Anchoring heuristics explains why news coverage in the days that followed the first healthcare worker’s diagnosis with Ebola had such a substantial impact on public perception and future news coverage. The news stories were terrifying and ran on a continuous loop for days. The focus on this exceptional case anchored the public’s perception of Ebola as being highly transmissible and contagious. Despite weeks of work trying to repair this misconception, officials have been unable to get the proverbial genie back in the lamp.
And finally, media coverage has reinforced the immediacy of the Ebola problem. Not only does the disease kill quickly, it also is spreading quickly. The temporal nature of Ebola rings every evolutionary alarm bell rattling around in our collective consciousness. And yet a far more insidious villain lurks forgotten in the nether regions of our mind. By this time next year about 20,000 Americans will have died from the seasonal flu, however, influenza has become so commonplace and feels so temporally distant that it is largely ignored despite this statistic (CDC, 2013).

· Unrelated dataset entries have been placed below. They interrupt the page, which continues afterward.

(* Let $d\ge1$, $\alpha\in(0,2)$, and let $D\subset\mathbb{R}^d$ be a Borel set. For every $\gamma\in[0,\alpha)$ there exists a constant $C_2=C_2(d,\alpha,\gamma)>0$ such that for all $(t,x,y,z)\in(0,\infty)\times D\times D\times D$, $$\int_0^t\frac{\psi_\gamma(t-s,x,z)q(t-s,x,z)\psi_\gamma(s,z,y)q(s,z,y)}{\psi_\gamma(t,x,y)q(t,x,y)}\,ds\le C_2\int_0^t\Big(1\wedge\frac{\delta_D(z)}{s^{1/\alpha}}\Big)^\gamma\big(q(s,x,z)+q(s,z,y)\big)\,ds.$$
   Context: $\delta_D(x)$ is the Euclidean distance from $x$ to $D^c$; $q(t,x,y):=t^{-d/\alpha}\wedge\frac{t}{|x-y|^{d+\alpha}}$; $\psi_\gamma(t,x,y):=\big(1\wedge\frac{\delta_D(x)}{t^{1/\alpha}}\big)^\gamma\big(1\wedge\frac{\delta_D(y)}{t^{1/\alpha}}\big)^\gamma$. *)

theory Defs
  imports "HOL-Analysis.Analysis"
begin

text \<open>Real power with the mathematical convention 0^0 = 1 (Isabelle's powr has 0 powr 0 = 0).\<close>
definition rpow :: "real \<Rightarrow> real \<Rightarrow> real" where
  "rpow a g = (if a = 0 then (if g = 0 then 1 else 0) else a powr g)"

text \<open>The factor 1 \<and> delta_D(x)/t^(1/alpha); if D^c is empty, delta_D = +infinity and the factor is 1.\<close>
definition bfac :: "real \<Rightarrow> 'a::euclidean_space set \<Rightarrow> real \<Rightarrow> 'a \<Rightarrow> real" where
  "bfac \<alpha> D t x = (if - D = {} then 1 else min 1 (infdist x (- D) / t powr (1 / \<alpha>)))"

text \<open>q(t,x,y) = t^(-d/alpha) \<and> t/|x-y|^(d+alpha), with d = DIM('a); for x = y the second term is +infinity.\<close>
definition qk :: "real \<Rightarrow> real \<Rightarrow> 'a::euclidean_space \<Rightarrow> 'a \<Rightarrow> real" where
  "qk \<alpha> t x y = (if x = y then t powr (- real DIM('a) / \<alpha>)
     else min (t powr (- real DIM('a) / \<alpha>)) (t / norm (x - y) powr (real DIM('a) + \<alpha>)))"

definition psi :: "real \<Rightarrow> 'a::euclidean_space set \<Rightarrow> real \<Rightarrow> real \<Rightarrow> 'a \<Rightarrow> 'a \<Rightarrow> real" where
  "psi \<alpha> D \<gamma> t x y = rpow (bfac \<alpha> D t x) \<gamma> * rpow (bfac \<alpha> D t y) \<gamma>"

end

theory Submission
  imports Defs
begin

text \<open>
  Splitting (0,t) at t/2 and using the symmetry s \<mapsto> t - s, x \<leftrightarrow> y, it suffices to consider
  s \<le> t/2. The boundary factors of x at times t - s and t are then comparable, and either
  q(t-s,x,z) \<le> c q(t,x,y), or z is far from y and q(s,z,y) \<le> c (s/t) q(t,x,y).
  In the second case the gain s/t absorbs the loss (t/s)^(\<gamma>/\<alpha>) from moving the boundary
  factor of y from time s to time t, because \<gamma> \<le> \<alpha>. In the first case that factor is
  moved instead with the Lipschitz bound |\<delta>_D(z) - \<delta>_D(y)| \<le> |z - y|, which costs
  (M/s)^(\<gamma>/\<alpha>) only for s < M = |z - y|^\<alpha> \<and> t. On (0,M) the kernel q(s,z,y) is s/|z-y|^(d+\<alpha>),
  so for \<gamma> < \<alpha> this extra term integrates to a multiple of the integral of
  (1 \<and> \<delta>_D(z)/s^(1/\<alpha>))^\<gamma> q(s,z,y) over (M/2,M).
\<close>

lemma rpow_eq_if: "rpow a g = (if g = 0 then 1 else a powr g)"
  unfolding rpow_def by auto

lemma rpow_nonneg: "0 \<le> rpow a g"
  by (simp add: rpow_eq_if)

lemma rpow_eq_powr: "0 < a \<Longrightarrow> rpow a g = a powr g"
  by (simp add: rpow_eq_if)

lemma rpow_mono: "0 \<le> a \<Longrightarrow> a \<le> b \<Longrightarrow> 0 \<le> g \<Longrightarrow> rpow a g \<le> rpow b g"
  by (simp add: rpow_eq_if powr_mono2)

lemma rpow_mult: "0 \<le> a \<Longrightarrow> 0 \<le> b \<Longrightarrow> rpow (a * b) g = rpow a g * rpow b g"
  by (simp add: rpow_eq_if powr_mult)

lemma rpow_le_one: "0 \<le> a \<Longrightarrow> a \<le> 1 \<Longrightarrow> 0 \<le> g \<Longrightarrow> rpow a g \<le> 1"
  using powr_mono2[of g a 1] by (simp add: rpow_eq_if)

lemma borel_measurable_rpow [measurable]:
  "f \<in> borel_measurable M \<Longrightarrow> (\<lambda>s. rpow (f s) g) \<in> borel_measurable M"
  by (cases "g = 0") (simp_all add: rpow_eq_if)

lemma bfac_nonneg: "0 \<le> bfac \<alpha> D s w"
  unfolding bfac_def by (auto simp: infdist_nonneg)

lemma bfac_le_one: "bfac \<alpha> D s w \<le> 1"
  unfolding bfac_def by auto

lemma borel_measurable_bfac [measurable]: "(\<lambda>s. bfac \<alpha> D s w) \<in> borel_measurable borel"
  unfolding bfac_def by measurable

lemma bfac_le_scaled:
  assumes "0 < \<alpha>" "0 < s" "s \<le> s'"
  shows "bfac \<alpha> D s w \<le> (s' / s) powr (1 / \<alpha>) * bfac \<alpha> D s' w"
proof -
  have one: "1 \<le> (s' / s) powr (1 / \<alpha>)"
    using assms by (intro ge_one_powr_ge_zero) auto
  have "(s' / s) powr (1 / \<alpha>) * (infdist w (- D) / s' powr (1 / \<alpha>))
      = infdist w (- D) / s powr (1 / \<alpha>)"
    using assms by (simp add: powr_divide field_simps)
  then show ?thesis
    using one by (simp add: bfac_def min_mult_distrib_left min_def)
qed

So I shouldn’t be afraid of Ebola?
Yes and no. I am as guilty of these statistical errors as anyone else. I can feel the anxiety creeping up my spine every time I hear the three-syllable word that has become synonymous with fear. But I have made the conscious decision to turn off the TV, close the app, and not open the newspaper. I came to the conclusion that the news is more dangerous than the disease.
The right amount of anxiety spurs us into action, while too much corrodes our resolve. I think we should be afraid of Ebola in that it is estimated to infect as many as 10,000 new people each week by December in West Africa. And with a mortality rate upwards of 60%, West Africa will experience nearly 6,000 deaths per week as the New Year arrives. This is a staggering number of lives lost, and these statistics are the ones that should scare us.
But allow us to transform our fear into an empathic resolve. Let us feel the fear of our fellow man in Africa and use this experience to fuel our desire to help.
The world is currently uniting to fight this tremendous disease, and it is my hope that by clearing the fog of perceptual biases each of us might join the fight with a clear mind and a steady resolve.